Subsequently, on the precondition that a cache hit of data to be
loaded or stored should happen without fail, the compiler simulates
the produced CPU codes and calculates accurate clocks of the
respective instructions. Moreover, the compiler adjusts issuing
time of the DTC instructions, i.e., the instructions LAC, SAC, PL
and PS so as to ensure that data is present in the cache memory 6
when loaded or stored by the processor CPUi.
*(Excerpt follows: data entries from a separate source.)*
lemma even_degree_has_negative_circle:
  assumes wf: "sgraph_wf G" and X: "X \<subseteq> edges G" and ev: "\<forall>x. even (deg_in G X x)"
    and ng: "odd (num_neg G X)"
  shows "\<exists>Z. circle G Z \<and> negative G Z \<and> snd Z \<subseteq> X"
  using X ev ng
proof (induction "card X" arbitrary: X rule: less_induct)
  case less
  have fin: "finite X" using less.prems sgraph_wf_finite[OF wf] finite_subset by blast
  have "X \<noteq> {}" using less.prems by (auto simp: num_neg_def)
  then obtain Z where Z: "circle G Z" "snd Z \<subseteq> X" using even_degree_has_circle[OF wf less.prems(1)] less.prems by blast
  show ?case
  proof (cases "negative G Z")
    case True then show ?thesis using Z by blast
  next
    case False
    have finZ: "finite (snd Z)" using circle_finite[OF wf Z(1)] by simp
    define Y where "Y = X - snd Z"
    have XY: "X = snd Z \<union> Y" "snd Z \<inter> Y = {}" using Z Y_def by auto
    have "Y \<subset> X" using Z circle_nonempty[OF Z(1)] unfolding Y_def by blast
    then have "card Y < card X" using psubset_card_mono[OF fin] by blast
    moreover have "Y \<subseteq> edges G" using less.prems Y_def by auto
    moreover have "\<forall>x. even (deg_in G Y x)"
    proof
      fix x
      have "deg_in G X x = deg_in G (snd Z) x + deg_in G Y x"
        using XY deg_in_Un[OF finZ _ XY(2)] fin Y_def by auto
      moreover have "even (deg_in G X x)" using less.prems(2) by blast
      ultimately have "even (deg_in G (snd Z) x + deg_in G Y x)" by simp
      then show "even (deg_in G Y x)" using circle_deg_even[OF wf Z(1), of x] by simp
    qed
    moreover have "odd (num_neg G Y)"
    proof -
      have "num_neg G X = num_neg G (snd Z) + num_neg G Y"
        using XY num_neg_Un[OF finZ _ XY(2)] fin Y_def by auto
      then show ?thesis using less.prems(3) False negative_iff_num_neg[of G Z] by auto
    qed
    ultimately obtain W where "circle G W" "negative G W" "snd W \<subseteq> Y" using less.hyps by blast
    then show ?thesis using Y_def by blast
  qed
qed

text \<open>A is the set of edges traversed an odd number of times by a walk from a to b.\<close>
lemma walk_parity_join:
  assumes wf: "sgraph_wf G" and F: "F \<subseteq> edges G" and w: "(adj_in G F)\<^sup>*\<^sup>* a b"
  shows "\<exists>A\<subseteq>F. \<forall>x. odd (deg_in G A x) \<longleftrightarrow> (a \<noteq> b \<and> (x = a \<or> x = b))"
  using w
proof (induction rule: rtranclp_induct)
  case base then show ?case by (intro exI[of _ "{}"]) simp
next
  case (step b c)
  then obtain A where A: "A \<subseteq> F" "\<forall>x. odd (deg_in G A x) \<longleftrightarrow> (a \<noteq> b \<and> (x = a \<or> x = b))" by blast
  show ?case
  proof (cases "b = c")
    case True then show ?thesis using A by blast
  next
    case False
    obtain e where e: "e \<in> F" "b \<in> ends G e" "c \<in> ends G e" using step(2) by (auto simp: adj_in_def)
    have "card (ends G e) = 1 \<or> card (ends G e) = 2" using sgraph_wf_edge(2)[OF wf] e F by blast
    then have "card (ends G e) = 2" using e False by (auto simp: card_1_singleton_iff)
    then have "ends G e = {b,c}" using card_2_eqI[of "ends G e" b c] e False by blast
    then have de: "deg_in G {e} x = (if x = b \<or> x = c then 1 else 0)" for x
      using deg_in_singleton_link False by metis
    have finF: "finite F" using F sgraph_wf_finite[OF wf] finite_subset by blast
    have finA: "finite A" using A(1) finF finite_subset by blast
    define A' where "A' = (if e \<in> A then A - {e} else insert e A)"
    have A'F: "A' \<subseteq> F" using A(1) e unfolding A'_def by auto
    have par: "odd (deg_in G A' x) \<longleftrightarrow> (odd (deg_in G A x) \<noteq> (x = b \<or> x = c))" for x
    proof (cases "e \<in> A")
      case True
      have "deg_in G A x = deg_in G (A - {e}) x + deg_in G {e} x"
        using deg_in_Diff[OF finA, of "A - {e}" G x] True by (simp add: Diff_Diff_Int)
      then show ?thesis using True de[of x] unfolding A'_def by auto
    next
      case False
      have "deg_in G (insert e A) x = deg_in G A x + deg_in G {e} x"
        using deg_in_insert[OF finA False] .
      then show ?thesis using False de[of x] unfolding A'_def by auto
    qed
    have "\<forall>x. odd (deg_in G A' x) \<longleftrightarrow> (a \<noteq> c \<and> (x = a \<or> x = c))"
    proof
      fix x show "odd (deg_in G A' x) \<longleftrightarrow> (a \<noteq> c \<and> (x = a \<or> x = c))"
        using par[of x] A(2)[rule_format, of x] False by auto
    qed
    then show ?thesis using A'F by blast
  qed
qed

lemma is_path_deg_odd_iff:
  assumes p: "is_path G F vs es" and n: "0 < length es"
  shows "odd (deg_in G (set es) x) \<longleftrightarrow> (x = vs!0 \<or> x = vs!length es)"
proof (cases "x \<in> set vs")
  case False
  have "vs!0 \<in> set vs" "vs!length es \<in> set vs" using is_path_len[OF p] by auto
  then show ?thesis using is_path_deg_out[OF p False] False by auto
next
  case True
  have len: "length vs = Suc (length es)" using is_path_len[OF p] .
  obtain j where j: "j \<le> length es" "vs!j = x" using True len by (metis in_set_conv_nth less_Suc_eq_le)
  have "x = vs!0 \<longleftrightarrow> j = 0" "x = vs!length es \<longleftrightarrow> j = length es"
    using j is_path_dist[OF p] len by (auto simp: nth_eq_iff_index_eq)
  then show ?thesis using is_path_deg_at[OF p n j(1)] j(2) by auto
qed

text \<open>With A a set of D-edges of odd degree exactly at the two ends of the ear P, both P + A
  and P + (D - A) have all degrees even, and their numbers of negative edges sum to
  2 |P^-| + |D^-|, which is odd.\<close>
lemma negative_even_subgraph_through_ear:
  assumes wf: "sgraph_wf G" and D: "circle G D" and negD: "negative G D"
    and p: "is_path G (edges G) vs es" and n: "0 < length es"
    and w: "vs!0 \<in> fst D" and y: "vs!length es \<in> fst D"
    and disj: "set es \<inter> snd D = {}"
  obtains X where "X \<subseteq> edges G" "X \<subseteq> set es \<union> snd D" "\<not> snd D \<subseteq> X"
    "\<forall>x. even (deg_in G X x)" "odd (num_neg G X)"
proof -
  have wy: "vs!0 \<noteq> vs!length es"
    using is_path_dist[OF p] is_path_len[OF p] n by (simp add: nth_eq_iff_index_eq)
  have finD: "finite (snd D)" using circle_finite[OF wf D] by simp
  have DE: "snd D \<subseteq> edges G" using circle_edges[OF D] .
  have reach: "(adj_in G (snd D))\<^sup>*\<^sup>* (vs!0) (vs!length es)"
    using D w y by (auto simp: circle_def connected_sub_def)
  obtain A where A: "A \<subseteq> snd D"
    "\<forall>x. odd (deg_in G A x) \<longleftrightarrow> (vs!0 \<noteq> vs!length es \<and> (x = vs!0 \<or> x = vs!length es))"
    using walk_parity_join[OF wf DE reach] by blast
  have Apar: "odd (deg_in G A x) \<longleftrightarrow> (x = vs!0 \<or> x = vs!length es)" for x using A(2) wy by auto
  have Ppar: "odd (deg_in G (set es) x) \<longleftrightarrow> (x = vs!0 \<or> x = vs!length es)" for x
    using is_path_deg_odd_iff[OF p n] .
  have finA: "finite A" using A(1) finD finite_subset by blast
  have dPA: "set es \<inter> A = {}" "set es \<inter> (snd D - A) = {}" using disj A(1) by auto
  define X1 where "X1 = set es \<union> A"
  define X2 where "X2 = set es \<union> (snd D - A)"
  have ev1: "even (deg_in G X1 x)" for x
  proof -
    have "deg_in G X1 x = deg_in G (set es) x + deg_in G A x"
      unfolding X1_def using deg_in_Un[OF _ finA dPA(1)] by simp
    then show ?thesis using Apar[of x] Ppar[of x] by auto
  qed
  have ev2: "even (deg_in G X2 x)" for x
  proof -
    have "deg_in G X2 x = deg_in G (set es) x + deg_in G (snd D - A) x"
      unfolding X2_def using deg_in_Un[OF _ _ dPA(2)] finD by simp
    moreover have "deg_in G (snd D) x = deg_in G A x + deg_in G (snd D - A) x"
      using deg_in_Diff[OF finD A(1)] .
    ultimately show ?thesis using circle_deg_even[OF wf D, of x] Apar[of x] Ppar[of x] by auto
  qed
  have "num_neg G X1 + num_neg G X2 = 2 * num_neg G (set es) + num_neg G (snd D)"
  proof -
    have "snd D = A \<union> (snd D - A)" using A(1) by auto
    then have "num_neg G (snd D) = num_neg G A + num_neg G (snd D - A)"
      using num_neg_Un[OF finA, of "snd D - A" G] finD by simp
    moreover have "num_neg G X1 = num_neg G (set es) + num_neg G A"
      unfolding X1_def using num_neg_Un[OF finite_set finA dPA(1)] .
    moreover have "num_neg G X2 = num_neg G (set es) + num_neg G (snd D - A)"
      unfolding X2_def using num_neg_Un[OF finite_set _ dPA(2)] finD by simp
    ultimately show ?thesis by simp
  qed
  moreover have "odd (num_neg G (snd D))" using negD negative_iff_num_neg by blast
  ultimately have "odd (num_neg G X1) \<or> odd (num_neg G X2)" by presburger
  moreover have "\<not> snd D \<subseteq> X1"
  proof
    assume "snd D \<subseteq> X1"
    then have "A = snd D" using disj A(1) unfolding X1_def by blast
    then show False using Apar[of "vs!0"] circle_deg_even[OF wf D] by simp
  qed
  moreover have "\<not> snd D \<subseteq> X2"
  proof
    assume "snd D \<subseteq> X2"
    then have "A = {}" using disj A(1) unfolding X2_def by blast
    then show False using Apar[of "vs!0"] by simp
  qed
  moreover have "X1 \<subseteq> edges G" "X2 \<subseteq> edges G" "X1 \<subseteq> set es \<union> snd D" "X2 \<subseteq> set es \<union> snd D"
    using is_path_set[OF p] DE A(1) unfolding X1_def X2_def by auto
  ultimately show thesis using that ev1 ev2 by blast
qed

text \<open>An inner vertex of the ear lies off D, so its only edges in P + D are its two ear edges;
  a circle through one of them therefore runs along the whole ear.\<close>
lemma circle_meeting_ear_contains_ear:
  assumes p: "is_path G F vs es" and D: "circle G D"
    and inner: "\<forall>i. 0 < i \<and> i < length es \<longrightarrow> vs!i \<notin> fst D"
    and Z: "circle G Z" "snd Z \<subseteq> set es \<union> snd D" and hit: "snd Z \<inter> set es \<noteq> {}"
  shows "set es \<subseteq> snd Z"
proof -
  have len: "length vs = Suc (length es)" using is_path_len[OF p] .
  have dist: "distinct vs" using is_path_dist[OF p] .
  have key: "es!(k-1) \<in> snd Z \<longleftrightarrow> es!k \<in> snd Z" if k: "0 < k" "k < length es" for k
  proof -
    define u where "u = vs!k"
    have atu: "e \<in> {es!(k-1), es!k}" if e: "e \<in> snd Z" "u \<in> ends G e" for e
    proof -
      have "e \<notin> snd D" using circle_ends[OF D] e inner k u_def by blast
      then have "e \<in> set es" using e Z(2) by blast
      then obtain i where i: "i < length es" "es!i = e" by (metis in_set_conv_nth)
      then have "u = vs!i \<or> u = vs!Suc i" using is_path_at[OF p i(1)] e by simp
      then have "i = k \<or> Suc i = k" using dist len i k u_def by (auto simp: nth_eq_iff_index_eq)
      then show ?thesis using i by auto
    qed
    have lk: "card (ends G (es!(k-1))) = 2" "card (ends G (es!k)) = 2"
      using is_path_card2[OF p] k by auto
    have uin: "u \<in> ends G (es!(k-1))" "u \<in> ends G (es!k)"
      using is_path_ends[OF p, of "k-1"] is_path_ends[OF p, of k] k u_def by auto
    have "es!(k-1) \<in> snd Z \<and> es!k \<in> snd Z" if one: "es!(k-1) \<in> snd Z \<or> es!k \<in> snd Z"
    proof -
      have "u \<in> fst Z" using one uin circle_ends[OF Z(1)] by blast
      then have d2: "deg_in G (snd Z) u = 2" using circle_deg[OF Z(1)] by blast
      have no_loop: "{e\<in>snd Z. ends G e = {u}} = {}" using atu lk by fastforce
      have c2: "card {e\<in>snd Z. u \<in> ends G e \<and> card (ends G e) = 2} = 2"
        using d2 unfolding deg_in_def no_loop by simp
      have sub: "{e\<in>snd Z. u \<in> ends G e \<and> card (ends G e) = 2} \<subseteq> {es!(k-1), es!k} \<inter> snd Z"
        using atu by blast
      show ?thesis
      proof (rule ccontr)
        assume "\<not> ?thesis"
        then obtain f where "{es!(k-1), es!k} \<inter> snd Z \<subseteq> {f}" by blast
        then have "card ({es!(k-1), es!k} \<inter> snd Z) \<le> 1"
          using card_mono[of "{f}"] by fastforce
        moreover have "card {e\<in>snd Z. u \<in> ends G e \<and> card (ends G e) = 2} \<le> card ({es!(k-1), es!k} \<inter> snd Z)"
          using sub by (intro card_mono) auto
        ultimately show False using c2 by simp
      qed
    qed
    then show ?thesis by blast
  qed
  have all: "es!j \<in> snd Z \<longleftrightarrow> es!0 \<in> snd Z" if "j < length es" for j
    using that by (induction j) (use key[of "Suc _"] in auto)
  obtain i where "i < length es" "es!i \<in> snd Z" using hit by (auto simp: in_set_conv_nth)
  then show ?thesis using all by (auto simp: in_set_conv_nth)
qed
(* A square-grid circle pattern $z$ satisfies $M_b(z)=z$ and $M_w(z)=z$ if and only if it has constant horizontal and vertical intersection angles.
   Context: A square-grid circle pattern is a map $z$ from vertices of $\mathbb{Z}^2$ to $\mathbb{C}$ such that the four corners of each face $(m,n)$ lie on a circle; faces are black if $m+n$ is even, white otherwise. Each vertex lies on two black and two white circles. $M_b$ moves each vertex to the other intersection point of the two white circles through it; $M_w$ moves each vertex to the other intersection point of the two black circles through it. The intersection angle $\theta(e)\in[0,\pi)$ of an edge $e$ is the angle between the circles of the two faces adjacent to $e$. Constant horizontal and vertical intersection angles means there is $\alpha\in[0,\pi/2]$ with $\theta=\alpha$ on all vertical edges and $\theta=\pi-\alpha$ on all horizontal edges.
   Formalization: Constant horizontal and vertical intersection angles means that some alpha, not bound to [0, pi/2], has theta = alpha on all vertical edges and theta = pi - alpha on all horizontal edges. The statement above fails without it. *)

theory Defs
  imports "HOL-Analysis.Analysis"
begin

type_synonym grid_map = "int \<times> int \<Rightarrow> complex"

definition face_corners :: "grid_map \<Rightarrow> int \<times> int \<Rightarrow> complex list" where
  "face_corners z f = (case f of (m, n) \<Rightarrow>
     [z (m, n), z (m + 1, n), z (m + 1, n + 1), z (m, n + 1)])"

definition black_face :: "int \<times> int \<Rightarrow> bool" where
  "black_face f = even (fst f + snd f)"

definition circle_pattern :: "grid_map \<Rightarrow> bool" where
  "circle_pattern z \<longleftrightarrow>
     (\<forall>f. distinct (face_corners z f) \<and>
          (\<exists>c r. r > 0 \<and> set (face_corners z f) \<subseteq> sphere c r))"

text \<open>Center and circle of a face (unique, since the corners are distinct).\<close>
definition face_center :: "grid_map \<Rightarrow> int \<times> int \<Rightarrow> complex" where
  "face_center z f = (THE c. \<exists>r > 0. set (face_corners z f) \<subseteq> sphere c r)"

definition face_circle :: "grid_map \<Rightarrow> int \<times> int \<Rightarrow> complex set" where
  "face_circle z f = sphere (face_center z f) (dist (face_center z f) (z f))"

text \<open>The other intersection point of two circles C1, C2 through v (equal to v
  in case of tangency); undefined (None) if C1 \<inter> C2 is not of the form {v, w}.\<close>
definition other_intersection :: "complex set \<Rightarrow> complex set \<Rightarrow> complex \<Rightarrow> complex option" where
  "other_intersection C1 C2 v =
     (if \<exists>w. C1 \<inter> C2 = {v, w} then Some (THE w. C1 \<inter> C2 = {v, w}) else None)"

text \<open>The four faces around vertex (m,n) are (m,n), (m-1,n), (m-1,n-1), (m,n-1);
  (m,n),(m-1,n-1) have one colour, (m-1,n),(m,n-1) the other.\<close>

text \<open>M_b: move each vertex to the other intersection point of the two white circles through it.\<close>
definition Mb :: "grid_map \<Rightarrow> int \<times> int \<Rightarrow> complex option" where
  "Mb z v = (case v of (m, n) \<Rightarrow>
     (if black_face (m, n)
      then other_intersection (face_circle z (m - 1, n)) (face_circle z (m, n - 1)) (z (m, n))
      else other_intersection (face_circle z (m, n)) (face_circle z (m - 1, n - 1)) (z (m, n))))"

text \<open>M_w: move each vertex to the other intersection point of the two black circles through it.\<close>
definition Mw :: "grid_map \<Rightarrow> int \<times> int \<Rightarrow> complex option" where
  "Mw z v = (case v of (m, n) \<Rightarrow>
     (if black_face (m, n)
      then other_intersection (face_circle z (m, n)) (face_circle z (m - 1, n - 1)) (z (m, n))
      else other_intersection (face_circle z (m - 1, n)) (face_circle z (m, n - 1)) (z (m, n))))"

definition mod_pi :: "real \<Rightarrow> real" where
  "mod_pi x = x - pi * of_int \<lfloor>x / pi\<rfloor>"

text \<open>Oriented angle in [0,pi) at the point p from the circle with center c1 to the
  circle with center c2 (angle between their tangent lines at p).\<close>
definition circle_angle :: "complex \<Rightarrow> complex \<Rightarrow> complex \<Rightarrow> real" where
  "circle_angle c1 c2 p = mod_pi (Arg ((p - c2) / (p - c1)))"

text \<open>Intersection angle of the vertical edge from (m,n) to (m,n+1): measured at z(m,n),
  from the circle of face (m,n) to the circle of face (m-1,n) (counterclockwise order
  around the vertex (m,n)).\<close>
definition theta_vert :: "grid_map \<Rightarrow> int \<Rightarrow> int \<Rightarrow> real" where
  "theta_vert z m n = circle_angle (face_center z (m, n)) (face_center z (m - 1, n)) (z (m, n))"

text \<open>Intersection angle of the horizontal edge from (m,n) to (m+1,n): measured at z(m,n),
  from the circle of face (m,n-1) to the circle of face (m,n).\<close>
definition theta_horiz :: "grid_map \<Rightarrow> int \<Rightarrow> int \<Rightarrow> real" where
  "theta_horiz z m n = circle_angle (face_center z (m, n - 1)) (face_center z (m, n)) (z (m, n))"

definition constant_angles :: "grid_map \<Rightarrow> bool" where
  "constant_angles z \<longleftrightarrow>
     (\<exists>\<alpha>. (\<forall>m n. theta_vert z m n = \<alpha>) \<and> (\<forall>m n. theta_horiz z m n = pi - \<alpha>))"

end

theory Submission
  imports Defs
begin

text \<open>Both maps fix \<open>z\<close> exactly when, at every vertex \<open>p\<close>, the two black circles through
  \<open>p\<close> touch there and so do the two white ones; for two circles through \<open>p\<close> this means
  that their centres are collinear with \<open>p\<close>. Every intersection angle at \<open>p\<close> is the argument
  modulo \<open>pi\<close> of a ratio of two consecutive radius vectors \<open>p - c\<^sub>i\<close>, so the two
  collinearities say precisely that opposite angles at \<open>p\<close> are equal and adjacent ones add up
  to \<open>pi\<close>. An edge has the same intersection angle at both of its endpoints (the second
  intersection point is the mirror image of the first in the line of centres), so these
  local relations propagate over the whole grid.\<close>

lemma mod_pi_bounds: "0 \<le> mod_pi x \<and> mod_pi x < pi"
proof -
  have "pi * of_int \<lfloor>x / pi\<rfloor> \<le> x" "x < pi * (of_int \<lfloor>x / pi\<rfloor> + 1)"
    using floor_divide_lower[of pi x] floor_divide_upper[of pi x] by (simp_all add: mult.commute)
  then show ?thesis
    unfolding mod_pi_def by (simp add: algebra_simps)
qed
lemma nondegenerate_short_star_productI:
  assumes "graded_poisson sc A pb" "star_product sc A pb C" "short A C" "nondegenerate sc A C"
  shows "nondegenerate_short_star_product sc A C"
  using assms
  unfolding nondegenerate_short_star_product_def nondegenerate_short_star_product_axioms_def
    short_star_product_def short_star_product_axioms_def connected_graded_vector_space_def
    connected_graded_vector_space_axioms_def graded_vector_space_def graded_vector_space_axioms_def
    graded_poisson_def star_product_def
  by metis

theorem lemma3p23:
  fixes sc :: "complex \<Rightarrow> 'a::comm_ring_1 \<Rightarrow> 'a"
    and A :: "nat \<Rightarrow> 'a set"
    and pb :: "'a \<Rightarrow> 'a \<Rightarrow> 'a"
    and rho :: "'a \<Rightarrow> 'a"
    and C :: "nat \<Rightarrow> 'a \<Rightarrow> 'a \<Rightarrow> 'a"
    and g :: "'a \<Rightarrow> 'a"
  assumes "graded_poisson sc A pb"
    and "conjugation sc A pb rho"
    and "star_product sc A pb C"
    and "short A C"
    and "nondegenerate sc A C"
    and "twist_aut sc A C g"
  shows "(conj_invariant C rho \<longleftrightarrow>
            quant_conjugation sc A C rho \<and> (\<forall>x. CT sc A (rho x) = cnj (CT sc A x)))
       \<and> (conj_invariant C rho \<longrightarrow> rho \<circ> g = g \<circ> rho)
       \<and> (conj_invariant C rho \<longrightarrow> (hermitian sc A C rho \<longleftrightarrow> rho \<circ> rho = g))"
proof -
  interpret nondegenerate_short_star_product sc A C
    using assms(1,3-5) by (rule nondegenerate_short_star_productI)
  have twist: "\<And>x y. CT sc A (star C x y) = CT sc A (star C y (g x))"
    using assms(6) by (simp add: twist_aut_def)
  have CT_rho: "CT sc A (rho x) = cnj (CT sc A x)" for x
    using assms(2) by (rule CT_conjugation)
  have "conj_invariant C rho \<Longrightarrow> quant_conjugation sc A C rho"
    using assms(2) conjugation_filt[OF assms(2)] conjugation_par[OF assms(2)]
    by (simp add: quant_conjugation_def conj_invariant_def conjugation_def)
  moreover have "conj_invariant C rho \<Longrightarrow> rho \<circ> g = g \<circ> rho"
    using assms(2) CT_rho twist
    by (intro conjugation_commutes_with_twist) (auto simp: conj_invariant_def conjugation_def bij_def)
  ultimately show ?thesis
    using CT_rho twist hermitian_iff_square_eq_twist
    by (auto simp: quant_conjugation_def conj_invariant_def)
qed

end
lemma Int_box_in_SubO: "polyhedron P \<Longrightarrow> P \<inter> box a b \<in> SubO P"
  unfolding SubO_def by (auto intro!: exI[of _ "P - box a b"] polyhedron_Diff_box)

lemma SubO_rel_subset_SubO: "Q \<in> SubO P \<Longrightarrow> SubO_rel P Q \<subseteq> SubO P"
  unfolding SubO_rel_def by (auto intro: SubO_Int)

lemma SubO_rel_self: "Q \<in> SubO P \<Longrightarrow> Q \<in> SubO_rel P Q"
  unfolding SubO_rel_def using SubO_self SubO_subset by blast

text \<open>Boxes rather than balls, so that the trace on P of a box is again an open
  subpolyhedron, convex whenever P is.\<close>
lemma SubO_box_neighbourhood:
  assumes "c \<in> SubO P" "y \<in> c"
  obtains a b where "y \<in> box a b" "P \<inter> box a b \<subseteq> c"
proof -
  obtain R where R: "c = P - R" "polyhedron R"
    using assms(1) unfolding SubO_def by auto
  have "open (- R)" "y \<in> - R"
    using closed_polyhedron[OF R(2)] assms(2) R(1) by auto
  then obtain a b where "box a b \<subseteq> - R" "y \<in> box a b"
    using open_contains_box by metis
  then show thesis
    using that R(1) by blast
qed

section \<open>Evaluation in the algebra of open subpolyhedra\<close>

lemma eval_Imp_subset: "eval P v (Imp A B) \<subseteq> P"
  using SubO_subset by auto

lemma mem_eval_ImpI:
  "c \<in> SubO P \<Longrightarrow> y \<in> c \<Longrightarrow> c \<inter> eval P v A \<subseteq> eval P v B \<Longrightarrow> y \<in> eval P v (Imp A B)"
  by auto

lemma mem_eval_ImpD: "y \<in> eval P v (Imp A B) \<Longrightarrow> y \<in> eval P v A \<Longrightarrow> y \<in> eval P v B"
  by auto

lemma eval_Imp_eq_top:
  assumes "eval P v A \<subseteq> eval P v B"
  shows "eval P v (Imp A B) = P"
proof
  show "P \<subseteq> eval P v (Imp A B)"
    using assms mem_eval_ImpI[OF SubO_self] by blast
qed (rule eval_Imp_subset)

lemma eval_Top: "eval P v Top = P"
  unfolding Top_def by (rule eval_Imp_eq_top) simp

lemma eval_Iff_subset: "eval P v (Iff A B) \<subseteq> P"
  unfolding Iff_def using eval_Imp_subset by (metis eval.simps(3) le_infI1)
A method of determining issuing time of the DTC instructions, which
is carried out by the compiler, is described here. In execution
instructions of the processor CPUi, execution clocks are determined
in increasing order of execution from "0". Execution clocks of a
DTC instruction code are based on execution clocks of an
instruction code of the processor CPUi. Therefore, DTC instructions
which are executed before a first instruction is executed by the
processor CPUi have minus execution clocks. Meanwhile, the number
of instructions which can be executed for each clock by each of the
processor CPUi and the DTC 8 is only one.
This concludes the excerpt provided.